DATA FOR THIS TASK START

lemma has_density_f_practical_pow3_outside:
  assumes Q: "finite Q" "\<forall>q\<in>Q. prime q"
  shows "has_density (f_practical (pow3_outside Q)) (1 - (\<Prod>q\<in>Q. 1 - 1 / real q))"
proof -
  define M where "M = \<Prod>Q"
  have "M > 0" unfolding M_def using Q by (simp add: prime_gt_0_nat)
  have "prime_factors M = Q"
    unfolding M_def using Q by (subst prime_factors_prod) (auto simp: prime_prime_factors)
  then have "real (totient M) / real M = (\<Prod>q\<in>Q. 1 - 1 / real q)"
    using \<open>M > 0\<close> by (simp add: totient_formula2)
  then have "has_density (\<lambda>n. \<not> coprime n M) (1 - (\<Prod>q\<in>Q. 1 - 1 / real q))"
    using has_density_Not[OF has_density_coprime[OF \<open>M > 0\<close>]] by simp
  moreover have "{n. (\<not> coprime n M) \<noteq> f_practical (pow3_outside Q) n} \<subseteq> {0, 1}"
    using f_practical_pow3_outside_iff[OF Q(2)] coprime_prod_primes_iff[OF Q] unfolding M_def
    by auto
  then have "finite {n. (\<not> coprime n M) \<noteq> f_practical (pow3_outside Q) n}"
    by (rule finite_subset) simp
  ultimately show ?thesis by (rule has_density_cong_finite)
qed

lemma multiplicity_less_self:
  assumes "prime p" "n > 0"
  shows "multiplicity p n < n"
proof -
  have "multiplicity p n < 2 ^ multiplicity p n" by (rule less_exp)
  also have "\<dots> \<le> p ^ multiplicity p n" using prime_ge_2_nat[OF assms(1)] by (rule power_mono) simp
  also have "\<dots> \<le> n" using assms by (intro dvd_imp_le multiplicity_dvd)
  finally show ?thesis .
qed
text \<open>Ideal generators of J_2: all 2x2 minors of the matrix whose columns are the generators.\<close>
definition J2 :: "(C2 \<Rightarrow> C2) set \<Rightarrow> (C2 \<Rightarrow> complex) set" where
  "J2 G = {(\<lambda>z. fst (u z) * snd (v z) - snd (u z) * fst (v z)) | u v. u \<in> G \<and> v \<in> G}"

definition MS1 :: "(C2 \<Rightarrow> C2) set \<Rightarrow> (C2 \<Rightarrow> C2) set" where
  "MS1 Mgens = {h. holo_at h 0 \<and> intclos_at (0,0) (dbl ` gen_at0 Mgens) (dbl h)}"

definition MS3 :: "(C2 \<Rightarrow> C2) set \<Rightarrow> (C2 \<Rightarrow> C2) set" where
  "MS3 Mgens = {h. holo_at h 0 \<and> gen_at0 (J2 (insert h Mgens)) \<subseteq> lip_sat (J2 Mgens)}"

definition Mex :: "(C2 \<Rightarrow> C2) set" where
  "Mex = {(\<lambda>(x,y). (x, y)), (\<lambda>(x,y). (0, x)), (\<lambda>(x,y). (y, 0))}"

end

theory Submission
  imports Defs "HOL-Library.Landau_Symbols"
begin

(* Every 2x2 minor of the matrix with columns h and the generators of M is a constant multiple
   of a minor of M; e.g. det(h, (x,y)) = -2 det((y,0), (0,x)). So J_2((h,M)) lies in the ideal
   J_2(M), which is contained in its own Lipschitz saturation, and h is in M_S3.

   For h not in M_S1 test the curve criterion on the curve t -> ((t,0),(0,t)) in the double,
   read through the functional (a,b) -> a_1 - b_2. Every generator u of M has
   u_1(t,0) = u_2(0,t) = c t, so for g = sum b_i u_i in M this quantity is
   t * sum c_i (b_i(t,0) - b_i(0,t)), which is o(t) because the b_i are continuous.
   Since the coefficients in the curve criterion are continuous too, the same holds for every
   element of the pull-back of M_D, but for h the quantity is t - 3t = -2t. *)

definition cscal_linear :: "('a::cscal \<Rightarrow> 'b::cscal) \<Rightarrow> bool" where
  "cscal_linear L \<longleftrightarrow> (\<forall>c v. L (cscal c v) = cscal c (L v))"

lemma holo_at_iff:
  "holo_at f a \<longleftrightarrow>
     (\<exists>U. open U \<and> a \<in> U \<and> (\<forall>z\<in>U. \<exists>L. (f has_derivative L) (at z) \<and> cscal_linear L))"
  unfolding holo_at_def cscal_linear_def ..

lemma holo_at_iff_eventually:
  "holo_at f a \<longleftrightarrow> (\<forall>\<^sub>F z in nhds a. \<exists>L. (f has_derivative L) (at z) \<and> cscal_linear L)"
  unfolding holo_at_iff eventually_nhds ..

lemma holo_at_combine:
  assumes "holo_at f a" "holo_at g a"
    and "\<And>z L M. (f has_derivative L) (at z) \<Longrightarrow> cscal_linear L \<Longrightarrow>
           (g has_derivative M) (at z) \<Longrightarrow> cscal_linear M \<Longrightarrow>
           \<exists>N. (H has_derivative N) (at z) \<and> cscal_linear N"
  shows "holo_at H a"
  using eventually_conj[OF assms(1,2)[unfolded holo_at_iff_eventually]]
  unfolding holo_at_iff_eventually by (rule eventually_mono) (use assms(3) in blast)

lemma holo_at_linear:
  assumes "bounded_linear L" "cscal_linear L"
  shows "holo_at L a"
  unfolding holo_at_iff_eventually
  using assms bounded_linear_imp_has_derivative by (intro always_eventually) blast

lemma holo_at_const: "holo_at (\<lambda>z. c::complex) a"
  unfolding holo_at_iff_eventually
  by (intro always_eventually allI exI[of _ "\<lambda>_. 0"]) (simp add: cscal_linear_def cscal_complex_def)

lemma holo_at_fst: "holo_at fst a"
  by (intro holo_at_linear bounded_linear_fst) (simp add: cscal_linear_def cscal_prod_def)

lemma holo_at_snd: "holo_at snd a"
  by (intro holo_at_linear bounded_linear_snd) (simp add: cscal_linear_def cscal_prod_def)

lemma holo_at_add:
  fixes f g :: "'a::{cscal,real_normed_vector} \<Rightarrow> complex"
  assumes "holo_at f a" "holo_at g a"
  shows "holo_at (\<lambda>z. f z + g z) a"
  using assms by (rule holo_at_combine)
    (auto intro!: has_derivative_add simp: cscal_linear_def cscal_complex_def algebra_simps)

lemma holo_at_mult:
  fixes f g :: "'a::{cscal,real_normed_vector} \<Rightarrow> complex"
  assumes "holo_at f a" "holo_at g a"
  shows "holo_at (\<lambda>z. f z * g z) a"
  using assms
proof (rule holo_at_combine)
  fix z L M
  assume "(f has_derivative L) (at z)" "cscal_linear L" "(g has_derivative M) (at z)" "cscal_linear M"
  then show "\<exists>N. ((\<lambda>z. f z * g z) has_derivative N) (at z) \<and> cscal_linear N"
    by (intro exI[of _ "\<lambda>v. f z * M v + L v * g z"] conjI has_derivative_mult)
      (auto simp: cscal_linear_def cscal_complex_def algebra_simps)
qed

lemma holo_at_diff:
  fixes f g :: "'a::{cscal,real_normed_vector} \<Rightarrow> complex"
  assumes "holo_at f a" "holo_at g a"
  shows "holo_at (\<lambda>z. f z - g z) a"
  using holo_at_add[OF assms(1) holo_at_mult[OF holo_at_const assms(2)], of "-1"] by simp

lemma holo_at_sum:
  fixes f :: "nat \<Rightarrow> 'a::{cscal,real_normed_vector} \<Rightarrow> complex"
  assumes "\<forall>i<n. holo_at (f i) a"
  shows "holo_at (\<lambda>z. \<Sum>i<n. f i z) a"
  using assms by (induction n) (simp_all add: holo_at_const holo_at_add)

lemma holo_at_cong:
  assumes "\<forall>\<^sub>F z in nhds a. f z = g z" "holo_at g a"
  shows "holo_at f a"
proof -
  obtain U where U: "open U" "a \<in> U" "\<forall>z\<in>U. f z = g z"
    using assms(1) unfolding eventually_nhds by blast
  have "\<forall>\<^sub>F z in nhds a. z \<in> U" using U(1,2) by (rule eventually_nhds_in_open)
  moreover have "\<forall>\<^sub>F z in nhds a. \<exists>L. (g has_derivative L) (at z) \<and> cscal_linear L"
    using assms(2) unfolding holo_at_iff_eventually .
  ultimately show ?thesis
    unfolding holo_at_iff_eventually
  proof eventually_elim
    case (elim z)
    then show ?case
      using has_derivative_transform_within_open[OF _ U(1), of g _ z UNIV f] U(3) by auto
  qed
qed

lemma holo_at_imp_isCont: "holo_at f a \<Longrightarrow> isCont f a"
  unfolding holo_at_def using has_derivative_continuous by blast

lemma holo_at_dbl:
  fixes f :: "C2 \<Rightarrow> 'b::{cscal,real_normed_vector}"
  assumes "holo_at f a" "holo_at f b"
  shows "holo_at (dbl f) (a, b)"
proof -
  obtain U where U: "open U" "a \<in> U" "\<forall>z\<in>U. \<exists>L. (f has_derivative L) (at z) \<and> cscal_linear L"
    using assms(1) unfolding holo_at_iff by blast
  obtain V where V: "open V" "b \<in> V" "\<forall>z\<in>V. \<exists>L. (f has_derivative L) (at z) \<and> cscal_linear L"
    using assms(2) unfolding holo_at_iff by blast
  have deriv: "\<exists>L. (dbl f has_derivative L) (at p) \<and> cscal_linear L" if p: "p \<in> U \<times> V" for p
  proof -
    have "fst p \<in> U" "snd p \<in> V" using p by (auto simp: mem_Times_iff)
    then obtain L M where L: "(f has_derivative L) (at (fst p))" "cscal_linear L"
      and M: "(f has_derivative M) (at (snd p))" "cscal_linear M"
      using U(3) V(3) by blast
    have "((\<lambda>q. f (fst q)) has_derivative (\<lambda>v. L (fst v))) (at p)"
      using has_derivative_compose[OF has_derivative_fst[OF has_derivative_ident] L(1)] by simp
    moreover have "((\<lambda>q. f (snd q)) has_derivative (\<lambda>v. M (snd v))) (at p)"
      using has_derivative_compose[OF has_derivative_snd[OF has_derivative_ident] M(1)] by simp
    ultimately have "(dbl f has_derivative (\<lambda>v. (L (fst v), M (snd v)))) (at p)"
      unfolding dbl_def by (rule has_derivative_Pair)
    with L(2) M(2) show ?thesis
      by (auto simp: cscal_linear_def cscal_prod_def)
  qed
  show ?thesis
    unfolding holo_at_iff
  proof (intro exI[of _ "U \<times> V"] conjI ballI deriv)
    show "open (U \<times> V)" using U(1) V(1) by (rule open_Times)
  qed (use U(2) V(2) in auto)
qed

lemma span_at_generator:
  fixes g :: "'a::{cscal,real_normed_vector} \<Rightarrow> 'b::{cscal,comm_monoid_add}"
  assumes "g \<in> G" "\<And>v::'b. cscal 1 v = v"
  shows "span_at a G g"
  unfolding span_at_def
  by (intro exI[of _ "1::nat"] exI[of _ "\<lambda>_ _. 1"] exI[of _ "\<lambda>_. g"])
    (simp add: assms holo_at_const)

lemma intclos_at_generator:
  fixes h :: "'a::{cscal,real_normed_vector} \<Rightarrow> 'b::{cscal,real_normed_vector}"
  assumes "holo_at h a" "h \<in> G" "\<And>v::'b. cscal 1 v = v"
  shows "intclos_at a G h"
  unfolding intclos_at_def using assms by (auto intro: span_at_generator)

lemma holo_at_span_at:
  fixes f :: "'a::{cscal,real_normed_vector} \<Rightarrow> complex"
  assumes "\<forall>g\<in>G. holo_at g a" "span_at a G f"
  shows "holo_at f a"
proof -
  obtain n and b :: "nat \<Rightarrow> 'a \<Rightarrow> complex" and g where hb: "\<forall>i<n. holo_at (b i) a \<and> g i \<in> G"
    and ev: "\<forall>\<^sub>F z in nhds a. f z = (\<Sum>i<n. b i z * g i z)"
    using assms(2) unfolding span_at_def cscal_complex_def by blast
  have "holo_at (\<lambda>z. \<Sum>i<n. b i z * g i z) a"
    using hb assms(1) by (intro holo_at_sum allI impI holo_at_mult) auto
  with ev show ?thesis by (rule holo_at_cong)
qed

lemma gen_at0_subset_lip_sat:
  assumes "\<forall>g\<in>G. holo_at g 0"
  shows "gen_at0 G \<subseteq> lip_sat G"
proof
  fix f assume f: "f \<in> gen_at0 G"
  then have "holo_at f 0"
    using holo_at_span_at assms unfolding gen_at0_def by blast
  with f show "f \<in> lip_sat G"
    unfolding lip_sat_def
    by (auto intro!: intclos_at_generator holo_at_dbl simp: cscal_prod_def cscal_complex_def)
qed

lemma span_at_scaled_generators:
  fixes f :: "'a::{cscal,real_normed_vector} \<Rightarrow> complex"
  assumes "G' \<subseteq> {(\<lambda>z. c * k z) | c k. k \<in> G}" "span_at a G' f"
  shows "span_at a G f"
proof -
  obtain n and b :: "nat \<Rightarrow> 'a \<Rightarrow> complex" and g where hb: "\<forall>i<n. holo_at (b i) a \<and> g i \<in> G'"
    and ev: "\<forall>\<^sub>F z in nhds a. f z = (\<Sum>i<n. cscal (b i z) (g i z))"
    using assms(2) unfolding span_at_def by blast
  have "\<forall>i. \<exists>c k. i < n \<longrightarrow> k \<in> G \<and> g i = (\<lambda>z. c * k z)"
    using hb assms(1) by blast
  then obtain c k where ck: "\<forall>i<n. k i \<in> G \<and> g i = (\<lambda>z. c i * k i z)"
    by metis
  have coeffs: "\<forall>i<n. holo_at (\<lambda>z. b i z * c i) a \<and> k i \<in> G"
    using hb ck by (auto intro: holo_at_mult holo_at_const)
  have expansion: "\<forall>\<^sub>F z in nhds a. f z = (\<Sum>i<n. cscal (b i z * c i) (k i z))"
    using ev by eventually_elim (simp add: ck cscal_complex_def mult.assoc)
  show ?thesis
    unfolding span_at_def
    by (intro exI[of _ n] exI[of _ "\<lambda>i z. b i z * c i"] exI[of _ k] conjI coeffs expansion)
qed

DATA FOR THIS TASK END

WHAT TO PRODUCE —
Referring to the material above, set down exactly the lines between the line with "f z * M v + L" and the line with "(\<lambda>z. f z - g", inclusive, and no other lines.

SOLUTION TO THIS PROBLEM —
    by (intro exI[of _ "\<lambda>v. f z * M v + L v * g z"] conjI has_derivative_mult)
      (auto simp: cscal_linear_def cscal_complex_def algebra_simps)
qed

lemma holo_at_diff:
  fixes f g :: "'a::{cscal,real_normed_vector} \<Rightarrow> complex"
  assumes "holo_at f a" "holo_at g a"
  shows "holo_at (\<lambda>z. f z - g z) a"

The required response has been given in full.